Hall, for his part, was preoccupied not with adult masculinity but rather with the incipient manhood of youth. Believing that developing children rehearsed the cultural evolution of the human race, he insisted that young boys should not be deterred from expressing “the instinct of the savage.”

Boys are naturally robbers; they are bandits and fighters by nature. A scientific study has been made of boys’ societies . . . . In every instance these societies have been predatory. All of the members thirsted for blood, and all of their plans were for thievery and murder

Allow the young boy to beat the shit out of his companions, Hall suggested, and his mental and physical development will proceed in a smooth and healthy fashion. Divert him from his natural course Hall warned, and you will produce “a milk-sop, a lady-boy, or a sneak.” Such a child “lacks virility, [and] his masculinity does not ring true.” Perhaps he will — as Hall himself did — grow up to be a chronic masturbator, a helpless slave to “the lonely vice.”
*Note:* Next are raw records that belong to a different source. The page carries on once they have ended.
lemma fixed_point_holomorphic:
  "\<exists>h. (\<forall>lam. av (lam - 1) < 1 \<longrightarrow>
          av (h lam - 1) \<le> av (Q 1) / real p \<and>
          Pfam p lam (h lam) + Q (h lam) = h lam \<and>
          (\<forall>z. av (z - 1) \<le> av (Q 1) / real p \<and> Pfam p lam z + Q z = z \<longrightarrow> z = h lam))
     \<and> holo_Lambda av h"
proof -
  obtain W where W: "bounded_coeffs av W" "coeff_norm av W \<le> radius"
    "fix_map p (inverse (1 + fps_X)) Qfps W = W"
    using fps_fixed_point_exists by blast
  define h where "h lam = fps_eval (lam - 1) (1 + W)" for lam
  have h: "h lam = 1 + fps_eval (lam - 1) W" if "av (lam - 1) < 1" for lam
    using W that by (simp add: h_def fps_eval_add fps_eval_1)
  have fixed_iff: "Pfam p lam z + Q z = z \<longleftrightarrow> fix_map p (1 / lam) Q (z - 1) = z - 1"
    if "av (lam - 1) < 1" for lam z
  proof -
    have "lam \<noteq> 0"
      using av_eq_1_if_near_1[OF that] by auto
    then show ?thesis
      using fix_map_eq_iff[of p lam Q "z - 1"] p_gt_1 by simp
  qed
  show ?thesis
  proof (intro exI conjI allI impI)
    show "holo_Lambda av h"
      unfolding holo_Lambda_def h_def using W fps_eval_sums[of "1 + W"] by auto
    fix lam assume lam: "av (lam - 1) < 1"
    note w = fps_eval_fixed_point[OF W lam]
    show "av (h lam - 1) \<le> av (Q 1) / real p"
      using w h[OF lam] by (simp add: radius_def)
    show "Pfam p lam (h lam) + Q (h lam) = h lam"
      using w h[OF lam] fixed_iff[OF lam] by simp
    show "z = h lam" if "av (z - 1) \<le> av (Q 1) / real p \<and> Pfam p lam z + Q z = z" for z
      using fixed_point_unique[OF lam _ _ w(1,2), of "z - 1"] that fixed_iff[OF lam] h[OF lam]
      by (simp add: radius_def)
  qed
qed

end

lemma (in Cp_field) Q_setting_if_convergent_beyond_unit_disc:
  assumes rhat_gt: "rhat > 1"
    and q_conv: "(\<lambda>i. av (q i) * rhat ^ i) \<longlonglongrightarrow> 0"
    and Q_def: "\<forall>z. av z \<le> rhat \<longrightarrow> ps_sums av q z (Q z)"
    and q_norm: "(SUP i. av (q i) * rhat ^ i) < real p powr (- 1 / (real p - 1))"
  shows "Q_setting p av q Q (SUP i. av (q i) * rhat ^ i)"
proof
  have q_le: "av (q i) \<le> av (q i) * rhat ^ i" for i
    using rhat_gt av_nonneg[of "q i"] by (simp add: one_le_power mult_le_cancel_left1)
  have "bdd_above (range (\<lambda>i. av (q i) * rhat ^ i))"
    using q_conv by (intro Bseq_bdd_above convergent_imp_Bseq convergentI)
  then show "av (q i) \<le> (SUP i. av (q i) * rhat ^ i)" for i
    using q_le by (meson cSUP_upper2 UNIV_I)
  have "real p powr (- 1 / (real p - 1)) \<le> real p powr 0"
    using p_gt_1 by (intro powr_mono) (auto simp: divide_nonpos_pos)
  then show "(SUP i. av (q i) * rhat ^ i) < 1"
    using q_norm p_gt_1 by simp
  show "(\<lambda>i. av (q i)) \<longlonglongrightarrow> 0"
    using q_le av_nonneg by (intro Lim_null_comparison[OF always_eventually q_conv]) simp
  show "ps_sums av q z (Q z)" if "av z \<le> 1" for z
    using Q_def that rhat_gt by simp
qed
definition reached_from :: "nat \<Rightarrow> nat \<Rightarrow> nat set" where
  "reached_from k t = {i. i < N \<and> k \<le> dq i \<and> dq i < t}"

lemma sum_a_reached_interior:
  assumes k: "Suc k < t"
    and IH: "sum (a t) (level E N q (Suc k)) \<le> card (reached_from (Suc k) t) + N"
  shows "sum (a (Suc t)) (level E N q k) \<le> card (reached_from k (Suc t)) + N"
proof -
  have "sum (a (Suc t)) (level E N q k) \<le> sum (a t) (level E N q (Suc k)) + card (level E N q k)"
  proof (rule sum_a_le[where t = "Suc t", simplified])
    fix i j assume "i \<in> level E N q k" "j \<in> children (Suc t) i"
    then show "j \<in> level E N q (Suc k)"
      using reached_child[of i t j] k by (auto simp: level_def reached_def)
  qed (auto simp: level_def)
  moreover have "card (level E N q k) + card (reached_from (Suc k) t) = card (reached_from k t)"
  proof -
    have "reached_from k t = level E N q k \<union> reached_from (Suc k) t"
      using k by (auto simp: level_def reached_from_def)
    then show ?thesis
      by (simp add: card_Un_disjoint level_def reached_from_def disjoint_iff)
  qed
  moreover have "card (reached_from k t) \<le> card (reached_from k (Suc t))"
    by (rule card_mono) (auto simp: reached_from_def)
  ultimately show ?thesis using IH by linarith
qed

lemma sum_a_reached_front:
  assumes k: "k \<le> t" "t \<le> Suc k"
  shows "sum (a (Suc t)) (level E N q k) \<le> card (reached_from k (Suc t)) + N"
proof -
  let ?U = "unaffected t \<inter> level E N p (Suc k)"
  have "sum (a (Suc t)) (level E N q k) \<le> sum (a t) (rising t \<union> ?U) + card (level E N q k)"
  proof (rule sum_a_le[where t = "Suc t", simplified])
    fix i j assume "i \<in> level E N q k" "j \<in> children (Suc t) i"
    then show "j \<in> rising t \<union> ?U"
      using reached_child[of i t j] k by (auto simp: level_def reached_def unaffected_def)
  qed (auto simp: level_def rising_def)
  also have "sum (a t) (rising t \<union> ?U) = card (rising t) + sum (a t) ?U"
    by (subst sum.union_disjoint) (auto simp: rising_def unaffected_def a_rising)
  also have "card (rising t) \<le> card {i. i < N \<and> dp i < Suc k}"
    using k by (intro card_mono) (auto simp: rising_def)
  also have "sum (a t) ?U \<le> count_dp_ge (Suc k)"
    by (rule sum_a_unaffected)
  also have "card (level E N q k) \<le> card (reached_from k (Suc t))"
    using k by (intro card_mono) (auto simp: level_def reached_from_def)
  finally show ?thesis using card_dp_less_add_count_dp_ge[of "Suc k"] by linarith
qed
And then there’s du Toit — in one of his essay’s better milk-through-the-nose moments — working himself up into a roiling, gibbering mess over the lineup on Bravo:

Finally, we come to the TV show which to my mind epitomizes everything bad about what we have become: Queer Eye For The Straight Guy. Playing on the homo Bravo Channel, this piece of excrement has taken over the popular culture by storm (and so far, the only counter has been the wonderful South Park episode which took it apart for the bullshit it is).

I’m sorry, but the premise of the show nauseates me. A bunch of homosexuals trying to “improve” ordinary men into something “better” (ie. more acceptable to women): changing the guy’s clothes, his home decor, his music—for fuck’s sake, what kind of girly-man would allow these simpering butt-bandits to change his life around?

Yes, the men are, by and large, slobs. Big fucking deal. Last time I looked, that’s normal. Men are slobs, and that only changes when women try to civilize them by marriage. That’s the natural order of things.

To be brief, my students were howling with laughter over this; they were also moved by his anti-Cheerio rant, about which the less said the better. Several of them simply refused to believe that du Toit had not, in fact, written this as a parody. I assured them of his pathetic sincerity — I even told them about the Worst Blogger Award he’d received a few years back — and they laughed even more.

But my students and I noticed something interesting. Speaking in April 1899 — just a few months after the Spanish-American war ended — Roosevelt condemned the “pussification” of American men while calling upon them to suppress the Philippine insurrection; over the next few years, thousands of Americans and hundreds of thousands of Filipinos would die as the country learned what “the strenuous life” was all about. Writing in November 2003 — just a few months after the Iraq War had supposedly ended — du Toit similarly condemned the “pussification” of American men while calling upon them to drive fast, get drunk, and emulate Donald Rumsfeld (who, he insisted at the time, could have laid nearly every woman in the country over the age of 50); over the past few years, thousands of Americans and hundreds of thousands of Iraqis have died, in large part so that men like Donald Rumsfeld would not have to wake up in the morning and see a “pussy” staring back at them in the mirror. Kim du Toit, I suppose, should be so fortunate.